Не расти у дороги... - Юрий Васильевич Селенский
Ну прямо изнывал, погибал Гошка от нетерпения: когда же закончатся эти сборы? Будет ли им конец? Даст ли, наконец, пароход «Михаил Калинин» отвальный, долгий, прощальный гудок и тронется ли в путь?
Билет на пароход Гошка самолично видел у матери, и не один, а два с половиной. Половина билета, стало быть, его, Гошкина. А бабка, бестолочь, все никак не поймет, от какой пристани отходит пароход. Мать она с дядюшкой отчитывает: «Да вы мне не талдычьте, где пятая, а где седьмая пристань. Так и скажите, как ранее было — самолетские пристанки».
И вот чемодан, постель в ремнях и два пузатых зимбиля с дарами занесены в каюту. И уже попрыгал Гошка на диване, испытывая надежность пружин, уже покрутил кран в умывальнике и отворил жалюзи в окне. Уже получил от бабки два подзатыльника и успел пронюхать, где каюта капитана. В эту каюту, как званые гости, зашли мать и крестная Мария Димовна, а его, Гошку, бабушка за шкирку держала, чтобы и он следом за ними не нырнул.
— Осподи, прости и помилуй, — обращается бабка к провожающему ее сыну. — Серега, а как он, этот пароход, по-старому-то назывался?
— «Баян» вроде бы, — не очень уверенно отвечает бракер с лесобиржи.
— «Баян», «Баян», — подхватывает бабка, — был такой. А Калинин-то кто? Комиссар али и того выше?
Дядюшке совсем даже неохота вести просветработу с бестолковой мамашей, он уже пронюхал, где расположен буфет в третьем классе, и норовит его навестить.
— Пойду я, ситра или лимонада куплю им в дорогу, — говорит он. И Гошка тут как тут.
— Ситра, ситра давай. Крем-брюлей. Шипучего.

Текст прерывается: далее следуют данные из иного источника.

lemma sum_plays_other_arms:
  assumes "\<forall>x\<in>set h. fst x \<in> {1..K}" "i \<in> {1..K}"
  shows "(\<Sum>j\<in>{1..K} - {i}. plays j h) = real (length h) - plays i h"
  using length_eq_sum_plays[OF assms(1)] assms(2) by (simp add: sum_diff1)

lemma total_reward_eq_sum_arms:
  "\<forall>x\<in>set h. fst x \<in> {1..K} \<Longrightarrow>
    total_reward h = (\<Sum>a\<in>{1..K}. centred_reward (m a) a h + m a * plays a h)"
proof (induction h rule: rev_induct)
  case (snoc x h)
  then have x: "fst x \<in> {1..K}"
    and IH: "total_reward h = (\<Sum>a\<in>{1..K}. centred_reward (m a) a h + m a * plays a h)" by auto
  have "centred_reward (m a) a (h @ [x]) + m a * plays a (h @ [x]) =
      centred_reward (m a) a h + m a * plays a h + (if a = fst x then of_bool (snd x) else 0)" for a
    by (auto simp: centred_inc_def algebra_simps)
  moreover have "total_reward (h @ [x]) = total_reward h + of_bool (snd x)"
    by (simp add: total_reward_def)
  ultimately show ?case using IH by (simp only: sum.distrib sum_indicator_arm[OF x])
qed (simp add: total_reward_def)

lemma mu_star_ge: "a \<in> {1..K} \<Longrightarrow> mu p01 p10 a \<le> mu_star K p01 p10"
  unfolding mu_star_def by (rule Max_ge) auto

lemma mu_star_eq:
  "j \<in> {1..K} \<Longrightarrow> \<forall>a\<in>{1..K}. mu p01 p10 a \<le> mu p01 p10 j \<Longrightarrow> mu_star K p01 p10 = mu p01 p10 j"
  unfolding mu_star_def by (intro antisym Max.boundedI Max_ge) auto

lemma regret_gap_decomposition:
  assumes pol: "is_policy K pol" and vi: "valid_instance K p01 p10"
  shows "\<bar>regret K pol p01 p10 init n -
      (\<Sum>a\<in>{1..K}. (mu_star K p01 p10 - mu p01 p10 a) * EE (traj pol p01 p10 init n) (plays a))\<bar>
     \<le> (\<Sum>a\<in>{1..K}. 2 / (p01 a + p10 a))"
proof -
  let ?P = "traj pol p01 p10 init n" and ?m = "mu p01 p10"
  have fin: "finite (set_pmf ?P)" by (rule finite_set_pmf_traj[OF pol])
  have "EE ?P total_reward = EE ?P (\<lambda>h. \<Sum>a\<in>{1..K}. centred_reward (?m a) a h + ?m a * plays a h)"
    by (rule expectation_cong) (rule total_reward_eq_sum_arms[OF set_pmf_traj(2)[OF pol]])
  then have reward: "EE ?P total_reward = (\<Sum>a\<in>{1..K}. EE ?P (centred_reward (?m a) a) + ?m a * EE ?P (plays a))"
    by (simp add: expectation_sum[OF fin] expectation_add[OF fin])
  have "EE ?P (\<lambda>h. \<Sum>a\<in>{1..K}. plays a h) = EE ?P (\<lambda>_. real n)"
  proof (rule expectation_cong)
    fix h assume h: "h \<in> set_pmf ?P"
    show "(\<Sum>a\<in>{1..K}. plays a h) = real n"
      using length_eq_sum_plays[OF set_pmf_traj(2)[OF pol h]] set_pmf_traj(1)[OF pol h] by simp
  qed
  then have "real n = EE ?P (\<lambda>h. \<Sum>a\<in>{1..K}. plays a h)" by simp
  then have time: "real n = (\<Sum>a\<in>{1..K}. EE ?P (plays a))"
    by (simp add: expectation_sum[OF fin])
  have "\<bar>\<Sum>a\<in>{1..K}. EE ?P (centred_reward (?m a) a)\<bar> \<le> (\<Sum>a\<in>{1..K}. \<bar>EE ?P (centred_reward (?m a) a)\<bar>)"
    by (rule sum_abs)
  also have "\<dots> \<le> (\<Sum>a\<in>{1..K}. 2 / (p01 a + p10 a))"
    using vi unfolding valid_instance_def
    by (intro sum_mono expectation_centred_reward_bound is_policy_imp_finite_policy[OF pol]) auto
  finally show ?thesis
    unfolding regret_def reward time
    by (simp add: sum_distrib_left sum.distrib sum_subtractf algebra_simps)
qed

— Чур тебя, галман! — бабушка погрозила пальцем, а не поймешь кому: внуку или сыну. Знает она, какое «ситро» требуется дядюшке. — Смотри, не налижи зенки-то лубяные. А то и обратно во второй класс не пустят.
Это ее великая гордость, что поедут они не внизу на лавках третьего класса, а в своей двухместной каюте с плюшевыми занавесками, блестящим краном, с зеркалом и даже с кнопкой для вызова официантов. Гошка под шумок уже раза два давил на кнопку, но никто не пришел.

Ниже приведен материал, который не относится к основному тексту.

(* Let $B$, $\mathcal{U}=\{U_j\}_{j=1}^n$, $\{\varphi_j\}$, $q$, $\eta\in Z^1(\mathcal{N}(\mathcal{U});\mathbb{Z}_q)$ and $P_\eta$ be as below. Define $f:B\to L^n_q$ by \[ f(b)=\left[\sqrt{\varphi_1(b)}\,\zeta_q^{\eta_{j1}}:\cdots:\sqrt{\varphi_n(b)}\,\zeta_q^{\eta_{jn}}\right]\qquad\text{for } b\in U_j, \] with the convention that the $k$-th entry is $0$ if $U_j\cap U_k=\emptyset$. Then $f$ is well defined (independent of the choice of $j$ with $b\in U_j$), continuous, and classifies $P_\eta$: the principal $\mathbb{Z}_q$-bundle $P_\eta\to B$ is isomorphic to the pullback bundle $f^*(S^{2n-1})=\{(b,z)\in B\times S^{2n-1}: f(b)=p(z)\}\to B$, where $p:S^{2n-1}\to L^n_q$ is the quotient map. In particular, composing with the inclusion $L^n_q\subset L^\infty_q$, $f$ is a classifying map for $P_\eta$.
   Context: $\zeta_q=e^{2\pi i/q}$. $\mathbb{Z}_q$ acts on $S^{2n-1}\subset\mathbb{C}^n$ by $z\cdot g=\zeta_q^g z$; the Lens space is $L^n_q=S^{2n-1}/\mathbb{Z}_q$ with quotient map $p$, and $[a_1:\cdots:a_n]$ denotes the class of $(a_1,\ldots,a_n)\in S^{2n-1}$ in $L^n_q$. $L^\infty_q=S^\infty/\mathbb{Z}_q$ similarly. $B$ is a topological space, $\mathcal{U}$ an open cover of $B$, $\{\varphi_j\}$ a partition of unity dominated by $\mathcal{U}$ (continuous $\varphi_j:B\to[0,1]$, $\sum_j\varphi_j\equiv1$, $\varphi_j=0$ outside $U_j$). The nerve $\mathcal{N}(\mathcal{U})$ has vertices $\{1,\ldots,n\}$ and simplices the index sets with nonempty common intersection. $\eta\in Z^1(\mathcal{N}(\mathcal{U});\mathbb{Z}_q)$ assigns $\eta_{jk}\in\mathbb{Z}_q$ to each ordered pair with $U_j\cap U_k\ne\emptyset$, with $\eta_{jj}=0$, $\eta_{kj}=-\eta_{jk}$, $\eta_{jk}+\eta_{kl}=\eta_{jl}$ whenever $U_j\cap U_k\cap U_l\ne\emptyset$. $P_\eta$ is the quotient of $\bigsqcup_j U_j\times\{j\}\times\mathbb{Z}_q$ by $(b,j,g)\sim(b,k,g+\eta_{jk})$ for $b\in U_j\cap U_k$, with projection $[b,j,g]\mapsto b$ and right action $[b,j,g]\cdot m=[b,j,g+m]$. Two principal $\mathbb{Z}_q$-bundles over $B$ are isomorphic if there is a $\mathbb{Z}_q$-equivariant homeomorphism of total spaces commuting with the projections. *)

theory Defs
  imports "HOL-Analysis.Analysis"
begin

И что, право, за чудо. Сколько лет прошло, а все помнится отчетливо и четко: как шипит пар где-то под кожухом колеса; как сияют большие отполированные шатуны внизу, в машинном отделении, куда только и можно заглянуть одним глазом; и роскошная дорожка за дверью с надписью «Второй класс», а пониже некое уже бесклассовое добавление: «Четвертому, третьему классам и палубным не входить». Матрос в кожаной фуражке прицелился подозрительно на Гошку, но он сразу же схватился за руку матери, и матрос отвернулся. «Фигу тебе, — подумал Гошка, — мы тоже второй класс».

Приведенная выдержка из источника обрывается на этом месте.